Good times over for luxury home market as government measures bite

Property investor Sameer Aswani was buying and selling high- end homes about as fast as he could transact a few years ago, but that gravy train has well and truly hit the skids.

A $5.5 million, 1,636 sq ft unit that he owns in upscale Marina Bay Residences would have been snapped up in a flash in the boom days, but not now.

The lack of a serious buyer has forced the 37-year-old to put tenants in and try to find a silver lining amid yields of just 3 per cent.

"In the good times, I was flipping units left and right.
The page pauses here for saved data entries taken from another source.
lemma S_op_unit_vec:
  assumes w: "w \<in> Vtx n d1 s \<times> label_lists d2 (k2 - k1)"
    and a: "a \<in> Vtx n d1 s \<times> label_lists d2 (k3 - Suc k2)" and k: "k1 \<le> k2" "k2 < k3"
  shows "S_op n d1 d2 s rot nbr k1 k2 k3 (Defs.unit_vec a) w
       = step_kernel rot nbr s d2 k2 (walk_from rot nbr s k1 (fst w) (snd w)) (fst a)
           / real (card (label_lists d2 (k3 - Suc k2)))"
proof -
  let ?D = "{..<d2} \<times> {..<d2}" and ?L = "label_lists d2 (k3 - Suc k2)"
  let ?h = "\<lambda>(p, ls). (fst w, snd w @ p # ls)"
  let ?x = "walk_from rot nbr s k1 (fst w) (snd w)"
  have inj: "inj_on ?h (?D \<times> ?L)" by (auto simp: inj_on_def)
  have len: "length (snd w) = k2 - k1" using w by (auto simp: label_lists_def)
  have split2_h: "split2 rot nbr s k1 k2 (fst w, snd w @ (b, c) # ls) = (walk_step rot nbr s k2 ?x b c, ls)"
    for b c ls
    using len k by (simp add: split2_def walk_from_snoc)
  have unit: "Defs.unit_vec a (z, ls) = of_bool (z = fst a) * of_bool (ls = snd a)" for z ls
    by (cases a) (auto simp: Defs.unit_vec_def)
  have one: "(\<Sum>ls\<in>?L. of_bool (ls = snd a)) = (1 :: real)"
    using a finite_label_lists by (simp add: mem_Times_iff)
  have "(\<Sum>\<omega>\<in>?h ` (?D \<times> ?L). Defs.unit_vec a (split2 rot nbr s k1 k2 \<omega>))
      = (\<Sum>b<d2. \<Sum>c<d2. \<Sum>ls\<in>?L. of_bool (walk_step rot nbr s k2 ?x b c = fst a) * of_bool (ls = snd a))"
    by (simp add: sum.reindex[OF inj] sum.cartesian_product' split2_h unit del: sum_of_bool_mult_eq)
  also have "\<dots> = (\<Sum>b<d2. \<Sum>c<d2. of_bool (walk_step rot nbr s k2 ?x b c = fst a))"
    using one by (simp add: sum_distrib_left[symmetric] del: sum_of_bool_eq sum_of_bool_mult_eq)
  finally show ?thesis
    using split1_fiber[OF w k] card_image[OF inj]
    by (simp add: S_op_def step_kernel_def card_cartesian_product power2_eq_square field_simps)
qed

context regular_walk
begin

lemma gram_S_op:
  assumes pos: "0 < n" "0 < d1" "0 < d2" and k: "k1 \<le> k2" "k2 < k3"
    and a: "a \<in> Wset n d1 d2 s (k2 + 1) k3" and a': "a' \<in> Wset n d1 d2 s (k2 + 1) k3"
  shows "gram_wrt (Wset n d1 d2 s (k2 + 1) k3) (uniform_prob (Wset n d1 d2 s (k2 + 1) k3))
           (Wset n d1 d2 s k1 k2) (uniform_prob (Wset n d1 d2 s k1 k2)) (S_op n d1 d2 s rot nbr k1 k2 k3) a a'
       = (\<Sum>x\<in>V. step_kernel rot nbr s d2 k2 x (fst a) * step_kernel rot nbr s d2 k2 x (fst a'))
           / real (card (label_lists d2 (k3 - Suc k2)))"
proof -
  let ?S = "S_op n d1 d2 s rot nbr k1 k2 k3" and ?T = "step_kernel rot nbr s d2 k2"
  let ?L = "label_lists d2 (k3 - Suc k2)" and ?l = "k2 - k1"
  let ?F = "\<lambda>x. ?T x (fst a) * ?T x (fst a')"
  have a: "a \<in> V \<times> ?L" and a': "a' \<in> V \<times> ?L" using a a' by (simp_all add: Wset_eq_Vtx_times)
  have "(\<Sum>w\<in>V \<times> label_lists d2 ?l. ?S (Defs.unit_vec a) w * ?S (Defs.unit_vec a') w)
      = (\<Sum>x\<in>V. \<Sum>ls\<in>label_lists d2 ?l. ?F (walk_from rot nbr s k1 x ls)) / real (card ?L) ^ 2"
    using a a' k
    by (simp add: S_op_unit_vec sum.cartesian_product' sum_divide_distrib power2_eq_square)
  also have "\<dots> = (real d2 ^ 2) ^ ?l * (\<Sum>x\<in>V. ?F x) / real (card ?L) ^ 2"
    by (simp only: sum_walk_from[where G = ?F])
  finally have sum_eq: "(\<Sum>w\<in>V \<times> label_lists d2 ?l. ?S (Defs.unit_vec a) w * ?S (Defs.unit_vec a') w)
      = (real d2 ^ 2) ^ ?l * (\<Sum>x\<in>V. ?F x) / real (card ?L) ^ 2" .
  have "0 < card V" "0 < card ?L" using pos card_Vtx_pos by (simp_all add: card_label_lists)
  with pos(3) show ?thesis
    by (simp add: gram_wrt_def uniform_prob_def Wset_eq_Vtx_times card_cartesian_product card_label_lists
        sum_divide_distrib[symmetric] sum_eq power_mult_distrib power2_eq_square field_simps)
qed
At one point in 2010, I did five to six in about four to five weeks," he said.

Those good times ended when the cooling measures began.

"Government measures have driven out speculators so there are more serious investors in the market who have holding power," he said. "It's tougher to buy now so people just sit on their units."

The moribund market that Mr Aswani and other high-end home owners have been facing counters the conventional wisdom that Singapore's property market has gone from strength to strength.

A Straits Times check of homes priced $5 million and above in the first seven months of this year showed that sale volumes are down to levels last seen in 2008.

The median price of $2,489 per sq ft (psf) for this segment is also the lowest since 2009. In contrast, overall prices for all private homes are at a record high, after rising 1 per cent from the first to second quarter this year.

Only 183 units worth $5 million and above were sold from January to July this year - close to the 187 moved in the first seven months of 2008, according to Urban Redevelopment Authority data.

It marks a nosedive from the corresponding period in 2010, which saw 444 transactions, and in 2011, which saw 310.

Those numbers all pale in comparison with the 814 high-end homes sold in January through July in the boom year of 2007 at a median $2,470.50 psf.

R'ST Research director Ong Kah Seng said the luxury market never quite recovered from the hammering it took in 2009 from the global financial crisis.

A mere 106 homes worth $5million and above were sold from January to July 2009, while the median sale price fell to $2,126.50 psf during those seven months, down from $2,705 psf in the corresponding period in 2008.

The introduction of the additional buyers' stamp duty in December 2011 was also a hammer blow on the high-end segment, Mr Ong said, adding that demand for posh pads has also been affected by the weak global economy.

"Expatriates seconded to Singapore are increasingly either mid- level or senior level with limited housing allowances," he noted.

A Savills Singapore report yesterday said the average monthly rents of high-end units it tracks fell for an eighth straight quarter in April through June, dipping 0.2 per cent to $4.86 psf per month.

"Rents for luxury homes may remain stagnant until year's end as most of the new supply is unsold units held by developers who cannot lease them," said Savills.

Another factor is competition from other international cities.

Out of nine luxury markets across Asia that Jones Lang LaSalle tracks, Singapore was the only one that posted a price drop from the preceding quarter, and where prices in the second quarter fell year on year.